═════ Data to examine ═════

lemma arrival_chernoff:
  assumes "0 < \<delta>"
  shows "(\<integral>\<^sup>+ x. of_bool (arrival x k < T) \<partial>Exp1_iid) \<le> ennreal (exp (\<delta> * T) * (1 / (1 + \<delta>)) ^ k)"
proof -
  have "(\<integral>\<^sup>+ x. of_bool (arrival x k < T) \<partial>Exp1_iid)
      \<le> (\<integral>\<^sup>+ x. ennreal (exp (\<delta> * T)) * (\<Prod>j<k. ennreal (exp (- \<delta> * x j))) \<partial>Exp1_iid)"
  proof (rule nn_integral_mono)
    fix x :: "nat \<Rightarrow> real"
    have "ennreal (exp (\<delta> * T)) * (\<Prod>j<k. ennreal (exp (- \<delta> * x j)))
        = ennreal (exp (\<delta> * (T - arrival x k)))"
      by (simp add: prod_ennreal ennreal_mult'[symmetric] arrival_def exp_sum[symmetric]
          exp_add[symmetric] sum_distrib_left algebra_simps sum_negf)
    then show "of_bool (arrival x k < T)
        \<le> ennreal (exp (\<delta> * T)) * (\<Prod>j<k. ennreal (exp (- \<delta> * x j)))"
      using assms by (auto intro!: ennreal_leI)
  qed
  also have "\<dots> = ennreal (exp (\<delta> * T)) * (\<integral>\<^sup>+ x. (\<Prod>j<k. ennreal (exp (- \<delta> * x j))) \<partial>Exp1_iid)"
    by (rule nn_integral_cmult) measurable
  also have "(\<integral>\<^sup>+ x. (\<Prod>j<k. ennreal (exp (- \<delta> * x j))) \<partial>Exp1_iid)
      = (\<Prod>j<k. \<integral>\<^sup>+ y. ennreal (exp (- \<delta> * y)) \<partial>Exp1)"
    by (rule nn_integral_Exp1_iid_prod) measurable
  also have "ennreal (exp (\<delta> * T)) * (\<Prod>j<k. \<integral>\<^sup>+ y. ennreal (exp (- \<delta> * y)) \<partial>Exp1)
      = ennreal (exp (\<delta> * T) * (1 / (1 + \<delta>)) ^ k)"
    using assms by (simp only: nn_integral_Exp1_exp) (simp add: ennreal_power ennreal_mult')
  finally show ?thesis .
qed

(* Unlike arrivals_before, a cardinality that is 0 for infinite sets, this count needs no
   finiteness assumption and is measurable. *)
definition arrival_count :: "(nat \<Rightarrow> real) \<Rightarrow> real \<Rightarrow> ennreal" where
  "arrival_count x T = (\<Sum>k. of_bool (arrival x (Suc k) < T))"

lemma borel_measurable_arrival_count [measurable]:
  "(\<lambda>x. arrival_count x T) \<in> borel_measurable Exp1_iid"
  unfolding arrival_count_def by measurable

lemma arrival_count_eq_arrivals_before:
  assumes "finite {k. 1 \<le> k \<and> arrival x k < T}"
  shows "arrival_count x T = of_nat (arrivals_before x T)"
proof -
  define S where "S = {k. arrival x (Suc k) < T}"
  have eq: "{k. 1 \<le> k \<and> arrival x k < T} = Suc ` S"
    unfolding S_def by (auto simp: image_iff Suc_le_eq gr0_conv_Suc)
  then have "finite S"
    using assms finite_imageD[of Suc S] by simp
  then have "(\<lambda>k. if k \<in> S then 1 else 0 :: ennreal) sums of_nat (card S)"
    using sums_If_finite_set[of S "\<lambda>_. 1 :: ennreal"] by simp
  then have "arrival_count x T = of_nat (card S)"
    unfolding arrival_count_def S_def by (simp add: sums_iff of_bool_def)
  then show ?thesis
    unfolding arrivals_before_def eq by (simp add: card_image)
qed

lemma exp_le_power:
  assumes "0 < \<delta>" "(1 + \<delta>) * T \<le> real m"
  shows "exp (\<delta> * T) \<le> (1 + \<delta>) ^ m"
proof -
  have "\<delta> * T = \<delta> / (1 + \<delta>) * ((1 + \<delta>) * T)"
    using assms(1) by (simp add: field_simps)
  also have "\<dots> \<le> \<delta> / (1 + \<delta>) * real m"
    using assms by (intro mult_left_mono) auto
  also have "\<dots> \<le> ln (1 + \<delta>) * real m"
    using ln_add1_ge[of \<delta>] assms(1) by (intro mult_right_mono) (auto simp: add.commute)
  finally have "exp (\<delta> * T) \<le> exp (real m * ln (1 + \<delta>))"
    by (simp add: mult.commute)
  also have "\<dots> = (1 + \<delta>) ^ m"
    using assms(1) by (simp add: exp_of_nat_mult mult.commute)
  finally show ?thesis .
qed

═════

◆ **About this task**: Only those lines of the entries above that run from the line containing "using assms by (simp" to the line containing "T = (\<Sum>k.", both included, should be transcribed exactly.

◆ **Exercise answer**:
    using assms by (simp only: nn_integral_Exp1_exp) (simp add: ennreal_power ennreal_mult')
  finally show ?thesis .
qed

(* Unlike arrivals_before, a cardinality that is 0 for infinite sets, this count needs no
   finiteness assumption and is measurable. *)
definition arrival_count :: "(nat \<Rightarrow> real) \<Rightarrow> real \<Rightarrow> ennreal" where
  "arrival_count x T = (\<Sum>k. of_bool (arrival x (Suc k) < T))"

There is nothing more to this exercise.